The Metalization of a Dream
The Metalization of a Dream is an open form sound-work responding to the dada and surrealist-inspired collages of Eduardo Paolozzi (1924-2005). A pioneer of pop art, Paolozzi’s practice drew inspiration from artists that utilise similar collage and cut-up techniques such as Charles Ives and William S. Burroughs. As such, these relationships are explored within this work through John Cage’s concept of the coexistence of dissimilars, where the notion of harmoniously blended elements is eschewed in favour of collage-like juxtapositions ‘that fuse in the ear of the listener’. Like Paolozzi’s collages, this work incorporates ‘found objects’ in this case John Taverner’s In Nomine and the writings of Gertrude Stein that are reimagined, juxtaposed and intertwined with composed and indeterminate materials alongside soundscape recordings to form an equivocal sound world.
This work was commissioned by Galvanize Ensemble and premiered by Galvanize Ensemble at Newcastle Lit & Phil in February 2019 with funds from The RVW Trust, Arts Council of England, and PRS Foundation.
The New Atlantis
Commissioned by Handel House Museum, this work is a response to an extract from Francis Bacon’s celebrated utopian novel of the same name published in 1623 where he describes the Bensalem ‘sound houses’, which bears a startling resemblance to how we produce, realise and listen to music today. The work incorporates a sonic landscape with samples ranging from gibbon calls to bullfrogs captured by the composer at London Zoo and The Devil’s Hopyard State Park, Connecticut. This work was produced with thanks to ZSL London Zoo and iPark Artists Enclave, Connecticut.
The Cries of Columbia Road
The Cries of London is an ongoing series of electroacoustic compositions and sound works that draw upon the urban anthropophonic soundscape of London. Taking inspiration from the seventeenth-century works of the same title by Thomas Weelkes, and Orlando Gibbons, this series centres on the human voice within the city, capturing vocalisations drawn from London’s street-markets. At its core, The Cries of London is a response to the presence of the voice within the city where changes in commerce, alongside the forces of inequality and privatisation of public spaces, threaten to “silence the speech of the city.

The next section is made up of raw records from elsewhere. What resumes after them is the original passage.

(* Some cell i0 < L holds infinitely many values in B; a selection of cells works as soon as it
   omits i0 and contains one of the m visited cells. *)
lemma bernoulli_selection_splits:
  fixes \<alpha> :: real
  assumes inf: "infinite (process_values X \<omega> \<inter> B)" and cells: "visits_cells n B m \<omega>"
    and bounded: "\<forall>i. visits X (cell_index n -` {i}) \<omega> \<longrightarrow> i < L" and \<alpha>: "0 \<le> \<alpha>" "\<alpha> \<le> 1"
  shows "1 - \<alpha> - (1 - \<alpha>) ^ m \<le> measure_pmf.prob (Pi_pmf {..<L} False (\<lambda>_. bernoulli_pmf \<alpha>))
    {b. visits X (B \<inter> cell_index n -` {i. b i}) \<omega> \<and>
        infinite (process_values X \<omega> \<inter> (B - cell_index n -` {i. b i}))}"
proof -
  let ?V = "process_values X \<omega> \<inter> B"
  obtain K where K: "finite K" "card K = m" "\<forall>i\<in>K. visits X (B \<inter> cell_index n -` {i}) \<omega>"
    using cells by (auto simp: visits_cells_def)
  have K_L: "K \<subseteq> {..<L}"
    using K(3) bounded by (auto simp: visits_def)
  have cover: "?V \<subseteq> (\<Union>i<L. ?V \<inter> cell_index n -` {i})"
  proof
    fix x assume x: "x \<in> ?V"
    then have "visits X (cell_index n -` {cell_index n x}) \<omega>"
      by (auto simp: visits_def process_values_def)
    with bounded x show "x \<in> (\<Union>i<L. ?V \<inter> cell_index n -` {i})" by blast
  qed
  have "\<not> (\<forall>i<L. finite (?V \<inter> cell_index n -` {i}))"
  proof
    assume "\<forall>i<L. finite (?V \<inter> cell_index n -` {i})"
    then have "finite (\<Union>i<L. ?V \<inter> cell_index n -` {i})" by blast
    with cover inf show False using finite_subset by blast
  qed
  then obtain i0 where i0: "i0 < L" "infinite (?V \<inter> cell_index n -` {i0})" by blast
  let ?\<nu> = "Pi_pmf {..<L} False (\<lambda>_. bernoulli_pmf \<alpha>)"
  have "{b. \<not> b i0 \<and> (\<exists>i\<in>K. b i)} \<subseteq>
    {b. visits X (B \<inter> cell_index n -` {i. b i}) \<omega> \<and>
        infinite (process_values X \<omega> \<inter> (B - cell_index n -` {i. b i}))}"
  proof safe
    fix b i assume b: "\<not> b i0" "i \<in> K" "b i"
    show "visits X (B \<inter> cell_index n -` {i. b i}) \<omega>"
      using K(3) b(2,3) by (force simp: visits_def)
    have "?V \<inter> cell_index n -` {i0} \<subseteq> process_values X \<omega> \<inter> (B - cell_index n -` {i. b i})"
      using b(1) by auto
    moreover assume "finite (process_values X \<omega> \<inter> (B - cell_index n -` {i. b i}))"
    ultimately show False using i0(2) finite_subset by blast
  qed
  then have "measure_pmf.prob ?\<nu> {b. \<not> b i0 \<and> (\<exists>i\<in>K. b i)} \<le> measure_pmf.prob ?\<nu>
    {b. visits X (B \<inter> cell_index n -` {i. b i}) \<omega> \<and>
        infinite (process_values X \<omega> \<inter> (B - cell_index n -` {i. b i}))}"
    by (rule measure_pmf.finite_measure_mono) simp
  then show ?thesis
    using prob_bernoulli_selection_avoids_and_meets[OF \<alpha> i0(1) K_L] unfolding K(2) by linarith
qed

The first work in my Cries of London series is The Cries of Columbia Road (2017) which draws upon the soundscape of the Columbia Road Flower Market located in Bethnal Green, East London. Established in the mid-nineteenth century, the market initially started as a Saturday market, and as the local Jewish population grew a Sunday market was established as well. Over time the Saturday market lapsed whilst the Sunday Flower market flourished, selling plants and flowers grown by local residents alongside leftover stock from Covent Garden Market. The market today consists of 50 stalls, many of which have been passed down through generations of the same families.
This work was commission by the School of Sound and premiered at Whitechapel Gallery, April 2017.